El 24 de septiembre de 2012, la Fiscalía Segunda Delegada ante el Tribunal Superior de Santa Rosa de Viterbo radicó solicitud de audiencia de preclusión por atipicidad del hecho investigado, ante ese estrado judicial, la cual fue programada para el día 17 de octubre siguiente. 3. En desarrollo de la audiencia señalada y previo a argumentar su solicitud, el Fiscal del caso indicó que los Magistrados Eurípides Montoya Sepúlveda y Jorge Enrique Gómez Ángel, integrantes de la Sala de Decisión del mencionado Tribunal “ se encuentran impedidos para conocer acerca de la solicitud de preclusión, basándose en la causal 4ª del artículo 56 de Código de Procedimiento Penal, al haber integrado la Sala Única de Decisión que resolvió la tutela en primera instancia No.2009-00278, siendo accionante la Sra. JENNY MARCELA PINZÓN PINZÓN y accionado el Juzgado Promiscuo de Familia de Soatá, por el derecho al debido proceso, actuando como Ponente el Dr. MONTOYA SEPÚLVEDA, decisión del 10 de diciembre de 2009 por medio de la cual se negaron las pretensiones de la tutelante ”.

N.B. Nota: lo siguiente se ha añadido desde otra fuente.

lemma convex_on_EL_logratio: "convex_on \<Theta> l"
proof (rule convex_onI)
  fix t :: real and x y assume t: "0 < t" "t < 1" and "x \<in> \<Theta>" "y \<in> \<Theta>"
  then have "(1 - t) *\<^sub>R x + t *\<^sub>R y \<in> \<Theta>"
    using convex_Theta_n by (simp add: convex_def)
  then have "0 < R x" "0 < R y" "0 < R ((1 - t) *\<^sub>R x + t *\<^sub>R y)"
    using \<open>x \<in> \<Theta>\<close> \<open>y \<in> \<Theta>\<close> by (auto intro: EL_ratio_pos_on_Theta_n)
  then have "(1 - t) * ln (R x) + t * ln (R y) = ln (R x powr (1 - t) * R y powr t)"
    by (simp add: ln_mult)
  also have "\<dots> \<le> ln (R ((1 - t) *\<^sub>R x + t *\<^sub>R y))"
    using t \<open>0 < R x\<close> \<open>0 < R y\<close> \<open>0 < R ((1 - t) *\<^sub>R x + t *\<^sub>R y)\<close>
    by (subst ln_le_cancel_iff) (auto simp: EL_ratio_log_concave)
  finally show "l ((1 - t) *\<^sub>R x + t *\<^sub>R y) \<le> (1 - t) * l x + t * l y"
    by (simp add: EL_logratio_def)
qed (rule convex_Theta_n)

lemma continuous_on_EL_logratio: "continuous_on \<Theta> l"
  by (rule convex_on_continuous[OF open_Theta_n convex_on_EL_logratio])

lemma EL_logratio_shrink:
  assumes "\<theta> \<in> \<Theta>" "0 \<le> s" "s \<le> 1"
  shows "m + s *\<^sub>R (\<theta> - m) \<in> \<Theta>" "l (m + s *\<^sub>R (\<theta> - m)) \<le> s * l \<theta>"
proof -
  have eq: "m + s *\<^sub>R (\<theta> - m) = (1 - s) *\<^sub>R m + s *\<^sub>R \<theta>"
    by (simp add: algebra_simps)
  show "m + s *\<^sub>R (\<theta> - m) \<in> \<Theta>"
    unfolding eq using convex_Theta_n sample_mean_in_Theta_n assms
    by (simp add: convex_def)
  show "l (m + s *\<^sub>R (\<theta> - m)) \<le> s * l \<theta>"
    unfolding eq using convex_onD[OF convex_on_EL_logratio, of s m \<theta>] assms sample_mean_in_Theta_n
      EL_logratio_eq_0_iff[OF sample_mean_in_Theta_n] by simp
qed

text \<open>A supporting hyperplane at \<open>p\<close> cannot contain all sample points, because it separates
  \<open>p\<close> from \<open>m\<close>.\<close>

lemma EL_ratio_le_dist_frontier:
  assumes "p \<in> H" "p \<notin> \<Theta>"
  obtains C where "\<forall>\<theta>\<in>\<Theta>. R \<theta> \<le> C * dist \<theta> p"
proof -
  have ri: "rel_interior H = \<Theta>"
    using Theta_n_nonempty rel_interior_nonempty_interior[of H] by (simp add: Theta_n_def)
  have closure: "closure H = H"
    by (rule closure_closed[OF closed_hull])
  obtain a where "a \<noteq> 0" and support: "\<And>y. y \<in> closure H \<Longrightarrow> a \<bullet> p \<le> a \<bullet> y"
      and strict: "\<And>y. y \<in> rel_interior H \<Longrightarrow> a \<bullet> p < a \<bullet> y"
    by (rule supporting_hyperplane_relative_frontier[OF convex_convex_hull, of p])
      (use assms closure ri in auto)
  note support = support[unfolded closure] and strict = strict[unfolded ri]
  have "\<exists>j<n. a \<bullet> p < a \<bullet> X j"
  proof (rule ccontr)
    assume "\<not> ?thesis"
    then have "(\<Sum>j<n. a \<bullet> X j) \<le> (\<Sum>j<n. a \<bullet> p)"
      by (intro sum_mono) auto
    moreover have "a \<bullet> m = (\<Sum>j<n. a \<bullet> X j) / real n"
      by (simp add: sample_mean_def inner_sum_right)
    ultimately have "a \<bullet> m \<le> a \<bullet> p"
      using n_pos by (simp add: divide_le_eq mult.commute)
    then show False
      using strict[OF sample_mean_in_Theta_n] by simp
  qed
  then obtain j where "j < n" "a \<bullet> p < a \<bullet> X j" by blast
  define C where "C = real n ^ (n + 1) / (a \<bullet> X j - a \<bullet> p)"
  have "0 \<le> C"
    using \<open>a \<bullet> p < a \<bullet> X j\<close> by (simp add: C_def)
  have support_sample: "\<forall>i<n. a \<bullet> p \<le> a \<bullet> X i"
    using support by (simp add: hull_inc)
  have "R \<theta> \<le> (C * norm a) * dist \<theta> p" if "\<theta> \<in> \<Theta>" for \<theta>
  proof -
    have "\<theta> \<in> H"
      using that Theta_n_subset_hull by blast
    then have "R \<theta> \<le> C * (a \<bullet> \<theta> - a \<bullet> p)"
      unfolding C_def by (rule EL_ratio_le_supporting_hyperplane[OF support_sample \<open>j < n\<close> \<open>a \<bullet> p < a \<bullet> X j\<close>])
    also have "\<dots> \<le> C * (norm a * dist \<theta> p)"
    proof (rule mult_left_mono[OF _ \<open>0 \<le> C\<close>])
      have "a \<bullet> \<theta> - a \<bullet> p \<le> \<bar>a \<bullet> (\<theta> - p)\<bar>"
        by (simp add: inner_diff_right)
      also have "\<dots> \<le> norm a * dist \<theta> p"
        using Cauchy_Schwarz_ineq2[of a "\<theta> - p"] by (simp add: dist_norm)
      finally show "a \<bullet> \<theta> - a \<bullet> p \<le> norm a * dist \<theta> p" .
    qed
    finally show ?thesis by simp
  qed
  then show ?thesis
    using that[of "C * norm a"] by blast
qed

Señaló el Fiscal, que la denunciante presentó acción de tutela ante esa Corporación con el fin de que protegieran el derecho fundamental al debido proceso, y que el problema jurídico planteado fue determinar si dentro del trámite y las decisiones tomadas a partir del auto del 11 de febrero de 2009 el Juzgado Promiscuo de Familia de Soatá (Boyacá), incurrió en vías de hecho o si por el contrario no existió defecto alguno, estimando la Sala Penal de ese Tribunal que no hubo vulneración alguna al derecho invocado, porque las peticiones fueron resueltas en diferentes proveídos de los que se infiere que se realizó una interpretación razonable de la situación fáctica y jurídica.
Agrega que la Sala de Decisión Penal de ese Tribunal, para resolver la tutela tuvo necesariamente que revisar integralmente el trámite del proceso ejecutivo de alimentos, y por ende los Magistrados MONTOYA SEPÚLVEDA y GÓMEZ ÁNGEL al resolver la acción de tutela en primera instancia manifestaron su opinión y por tanto se puede ver afectada su imparcialidad.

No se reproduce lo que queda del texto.